━━ Extracted data ━━
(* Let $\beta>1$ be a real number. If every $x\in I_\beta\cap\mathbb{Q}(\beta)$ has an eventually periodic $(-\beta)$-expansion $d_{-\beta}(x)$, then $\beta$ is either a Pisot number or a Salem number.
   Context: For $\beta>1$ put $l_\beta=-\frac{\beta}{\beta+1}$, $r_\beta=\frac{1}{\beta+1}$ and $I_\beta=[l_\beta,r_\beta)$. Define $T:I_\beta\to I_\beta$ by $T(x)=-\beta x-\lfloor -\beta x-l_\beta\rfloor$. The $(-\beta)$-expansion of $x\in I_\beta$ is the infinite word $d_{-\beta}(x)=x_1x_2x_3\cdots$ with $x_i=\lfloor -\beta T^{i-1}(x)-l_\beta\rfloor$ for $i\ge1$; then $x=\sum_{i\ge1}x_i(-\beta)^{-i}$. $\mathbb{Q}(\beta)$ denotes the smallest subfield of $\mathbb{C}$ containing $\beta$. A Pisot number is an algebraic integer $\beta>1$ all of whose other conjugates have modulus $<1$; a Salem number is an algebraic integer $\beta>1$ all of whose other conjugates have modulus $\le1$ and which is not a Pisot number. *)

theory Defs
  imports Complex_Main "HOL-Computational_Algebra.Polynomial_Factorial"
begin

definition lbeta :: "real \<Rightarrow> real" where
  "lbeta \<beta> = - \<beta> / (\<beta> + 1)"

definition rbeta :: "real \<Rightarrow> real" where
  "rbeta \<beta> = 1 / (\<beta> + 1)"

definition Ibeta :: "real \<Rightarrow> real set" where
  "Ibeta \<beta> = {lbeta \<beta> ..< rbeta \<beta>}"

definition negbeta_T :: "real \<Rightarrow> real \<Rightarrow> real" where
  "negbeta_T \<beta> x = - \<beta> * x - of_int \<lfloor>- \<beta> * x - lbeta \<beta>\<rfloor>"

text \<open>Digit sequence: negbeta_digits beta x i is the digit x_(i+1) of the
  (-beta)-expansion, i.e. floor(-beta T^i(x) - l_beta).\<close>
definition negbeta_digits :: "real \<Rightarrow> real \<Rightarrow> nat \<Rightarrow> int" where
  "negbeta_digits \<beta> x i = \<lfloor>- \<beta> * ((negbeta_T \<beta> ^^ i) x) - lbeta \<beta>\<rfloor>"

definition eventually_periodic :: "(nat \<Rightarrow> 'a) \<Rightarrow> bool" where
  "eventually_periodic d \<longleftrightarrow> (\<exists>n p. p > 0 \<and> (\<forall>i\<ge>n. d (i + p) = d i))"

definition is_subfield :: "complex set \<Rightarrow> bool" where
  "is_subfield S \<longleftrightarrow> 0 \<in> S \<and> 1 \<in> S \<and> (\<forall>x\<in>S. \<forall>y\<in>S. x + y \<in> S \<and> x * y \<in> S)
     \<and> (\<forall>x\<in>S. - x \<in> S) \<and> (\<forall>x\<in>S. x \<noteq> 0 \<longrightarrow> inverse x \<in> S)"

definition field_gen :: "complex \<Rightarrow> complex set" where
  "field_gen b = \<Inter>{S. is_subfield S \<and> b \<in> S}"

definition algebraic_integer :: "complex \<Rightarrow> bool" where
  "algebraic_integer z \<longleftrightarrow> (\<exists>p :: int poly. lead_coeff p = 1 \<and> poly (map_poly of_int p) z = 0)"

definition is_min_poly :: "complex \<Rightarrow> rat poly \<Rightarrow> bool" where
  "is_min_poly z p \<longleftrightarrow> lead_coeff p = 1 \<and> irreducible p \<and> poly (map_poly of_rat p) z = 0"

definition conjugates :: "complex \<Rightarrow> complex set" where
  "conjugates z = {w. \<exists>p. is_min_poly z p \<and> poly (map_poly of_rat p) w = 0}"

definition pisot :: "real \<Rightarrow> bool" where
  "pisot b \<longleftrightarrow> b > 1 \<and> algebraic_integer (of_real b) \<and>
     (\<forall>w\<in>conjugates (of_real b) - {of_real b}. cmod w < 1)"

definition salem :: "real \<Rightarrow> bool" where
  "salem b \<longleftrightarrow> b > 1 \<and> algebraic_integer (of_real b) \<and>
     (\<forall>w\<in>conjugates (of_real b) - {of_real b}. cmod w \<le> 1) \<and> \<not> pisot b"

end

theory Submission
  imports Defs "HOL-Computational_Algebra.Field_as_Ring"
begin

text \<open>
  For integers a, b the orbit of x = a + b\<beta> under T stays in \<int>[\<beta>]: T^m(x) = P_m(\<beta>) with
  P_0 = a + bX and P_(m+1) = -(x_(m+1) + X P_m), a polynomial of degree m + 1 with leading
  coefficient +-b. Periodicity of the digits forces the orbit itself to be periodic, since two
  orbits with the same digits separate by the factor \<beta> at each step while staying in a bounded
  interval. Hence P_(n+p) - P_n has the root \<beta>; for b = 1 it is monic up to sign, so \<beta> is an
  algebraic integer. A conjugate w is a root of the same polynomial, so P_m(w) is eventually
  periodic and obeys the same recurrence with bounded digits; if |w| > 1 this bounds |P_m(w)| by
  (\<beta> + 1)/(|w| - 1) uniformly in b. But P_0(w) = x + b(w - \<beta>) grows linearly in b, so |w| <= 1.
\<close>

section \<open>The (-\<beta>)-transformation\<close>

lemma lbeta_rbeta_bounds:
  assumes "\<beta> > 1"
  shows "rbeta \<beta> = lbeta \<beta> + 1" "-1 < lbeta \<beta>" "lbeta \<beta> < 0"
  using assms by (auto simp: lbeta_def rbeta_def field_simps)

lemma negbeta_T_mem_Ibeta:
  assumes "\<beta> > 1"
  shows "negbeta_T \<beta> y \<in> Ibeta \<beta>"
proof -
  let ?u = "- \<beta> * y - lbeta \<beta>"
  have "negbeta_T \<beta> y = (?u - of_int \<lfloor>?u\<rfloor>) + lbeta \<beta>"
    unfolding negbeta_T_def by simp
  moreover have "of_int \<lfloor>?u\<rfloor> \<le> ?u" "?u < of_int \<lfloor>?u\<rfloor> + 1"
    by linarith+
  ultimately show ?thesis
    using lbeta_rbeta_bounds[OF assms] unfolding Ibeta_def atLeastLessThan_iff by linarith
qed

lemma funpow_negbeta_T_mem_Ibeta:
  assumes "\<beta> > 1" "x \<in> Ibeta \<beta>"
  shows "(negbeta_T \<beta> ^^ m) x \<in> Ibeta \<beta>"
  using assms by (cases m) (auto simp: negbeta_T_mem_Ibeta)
━━━
Everything in the listing should be written out exactly.

(* Let $\beta>1$ be a real number. If every $x\in I_\beta\cap\mathbb{Q}(\beta)$ has an eventually periodic $(-\beta)$-expansion $d_{-\beta}(x)$, then $\beta$ is either a Pisot number or a Salem number.
   Context: For $\beta>1$ put $l_\beta=-\frac{\beta}{\beta+1}$, $r_\beta=\frac{1}{\beta+1}$ and $I_\beta=[l_\beta,r_\beta)$. Define $T:I_\beta\to I_\beta$ by $T(x)=-\beta x-\lfloor -\beta x-l_\beta\rfloor$. The $(-\beta)$-expansion of $x\in I_\beta$ is the infinite word $d_{-\beta}(x)=x_1x_2x_3\cdots$ with $x_i=\lfloor -\beta T^{i-1}(x)-l_\beta\rfloor$ for $i\ge1$; then $x=\sum_{i\ge1}x_i(-\beta)^{-i}$. $\mathbb{Q}(\beta)$ denotes the smallest subfield of $\mathbb{C}$ containing $\beta$. A Pisot number is an algebraic integer $\beta>1$ all of whose other conjugates have modulus $<1$; a Salem number is an algebraic integer $\beta>1$ all of whose other conjugates have modulus $\le1$ and which is not a Pisot number. *)

theory Defs
  imports Complex_Main "HOL-Computational_Algebra.Polynomial_Factorial"
begin

definition lbeta :: "real \<Rightarrow> real" where
  "lbeta \<beta> = - \<beta> / (\<beta> + 1)"

definition rbeta :: "real \<Rightarrow> real" where
  "rbeta \<beta> = 1 / (\<beta> + 1)"

definition Ibeta :: "real \<Rightarrow> real set" where
  "Ibeta \<beta> = {lbeta \<beta> ..< rbeta \<beta>}"

definition negbeta_T :: "real \<Rightarrow> real \<Rightarrow> real" where
  "negbeta_T \<beta> x = - \<beta> * x - of_int \<lfloor>- \<beta> * x - lbeta \<beta>\<rfloor>"

text \<open>Digit sequence: negbeta_digits beta x i is the digit x_(i+1) of the
  (-beta)-expansion, i.e. floor(-beta T^i(x) - l_beta).\<close>
definition negbeta_digits :: "real \<Rightarrow> real \<Rightarrow> nat \<Rightarrow> int" where
  "negbeta_digits \<beta> x i = \<lfloor>- \<beta> * ((negbeta_T \<beta> ^^ i) x) - lbeta \<beta>\<rfloor>"

definition eventually_periodic :: "(nat \<Rightarrow> 'a) \<Rightarrow> bool" where
  "eventually_periodic d \<longleftrightarrow> (\<exists>n p. p > 0 \<and> (\<forall>i\<ge>n. d (i + p) = d i))"

definition is_subfield :: "complex set \<Rightarrow> bool" where
  "is_subfield S \<longleftrightarrow> 0 \<in> S \<and> 1 \<in> S \<and> (\<forall>x\<in>S. \<forall>y\<in>S. x + y \<in> S \<and> x * y \<in> S)
     \<and> (\<forall>x\<in>S. - x \<in> S) \<and> (\<forall>x\<in>S. x \<noteq> 0 \<longrightarrow> inverse x \<in> S)"

definition field_gen :: "complex \<Rightarrow> complex set" where
  "field_gen b = \<Inter>{S. is_subfield S \<and> b \<in> S}"

definition algebraic_integer :: "complex \<Rightarrow> bool" where
  "algebraic_integer z \<longleftrightarrow> (\<exists>p :: int poly. lead_coeff p = 1 \<and> poly (map_poly of_int p) z = 0)"

definition is_min_poly :: "complex \<Rightarrow> rat poly \<Rightarrow> bool" where
  "is_min_poly z p \<longleftrightarrow> lead_coeff p = 1 \<and> irreducible p \<and> poly (map_poly of_rat p) z = 0"

definition conjugates :: "complex \<Rightarrow> complex set" where
  "conjugates z = {w. \<exists>p. is_min_poly z p \<and> poly (map_poly of_rat p) w = 0}"

definition pisot :: "real \<Rightarrow> bool" where
  "pisot b \<longleftrightarrow> b > 1 \<and> algebraic_integer (of_real b) \<and>
     (\<forall>w\<in>conjugates (of_real b) - {of_real b}. cmod w < 1)"

definition salem :: "real \<Rightarrow> bool" where
  "salem b \<longleftrightarrow> b > 1 \<and> algebraic_integer (of_real b) \<and>
     (\<forall>w\<in>conjugates (of_real b) - {of_real b}. cmod w \<le> 1) \<and> \<not> pisot b"

end

theory Submission
  imports Defs "HOL-Computational_Algebra.Field_as_Ring"
begin

text \<open>
  For integers a, b the orbit of x = a + b\<beta> under T stays in \<int>[\<beta>]: T^m(x) = P_m(\<beta>) with
  P_0 = a + bX and P_(m+1) = -(x_(m+1) + X P_m), a polynomial of degree m + 1 with leading
  coefficient +-b. Periodicity of the digits forces the orbit itself to be periodic, since two
  orbits with the same digits separate by the factor \<beta> at each step while staying in a bounded
  interval. Hence P_(n+p) - P_n has the root \<beta>; for b = 1 it is monic up to sign, so \<beta> is an
  algebraic integer. A conjugate w is a root of the same polynomial, so P_m(w) is eventually
  periodic and obeys the same recurrence with bounded digits; if |w| > 1 this bounds |P_m(w)| by
  (\<beta> + 1)/(|w| - 1) uniformly in b. But P_0(w) = x + b(w - \<beta>) grows linearly in b, so |w| <= 1.
\<close>

section \<open>The (-\<beta>)-transformation\<close>

lemma lbeta_rbeta_bounds:
  assumes "\<beta> > 1"
  shows "rbeta \<beta> = lbeta \<beta> + 1" "-1 < lbeta \<beta>" "lbeta \<beta> < 0"
  using assms by (auto simp: lbeta_def rbeta_def field_simps)

lemma negbeta_T_mem_Ibeta:
  assumes "\<beta> > 1"
  shows "negbeta_T \<beta> y \<in> Ibeta \<beta>"
proof -
  let ?u = "- \<beta> * y - lbeta \<beta>"
  have "negbeta_T \<beta> y = (?u - of_int \<lfloor>?u\<rfloor>) + lbeta \<beta>"
    unfolding negbeta_T_def by simp
  moreover have "of_int \<lfloor>?u\<rfloor> \<le> ?u" "?u < of_int \<lfloor>?u\<rfloor> + 1"
    by linarith+
  ultimately show ?thesis
    using lbeta_rbeta_bounds[OF assms] unfolding Ibeta_def atLeastLessThan_iff by linarith
qed

lemma funpow_negbeta_T_mem_Ibeta:
  assumes "\<beta> > 1" "x \<in> Ibeta \<beta>"
  shows "(negbeta_T \<beta> ^^ m) x \<in> Ibeta \<beta>"
  using assms by (cases m) (auto simp: negbeta_T_mem_Ibeta)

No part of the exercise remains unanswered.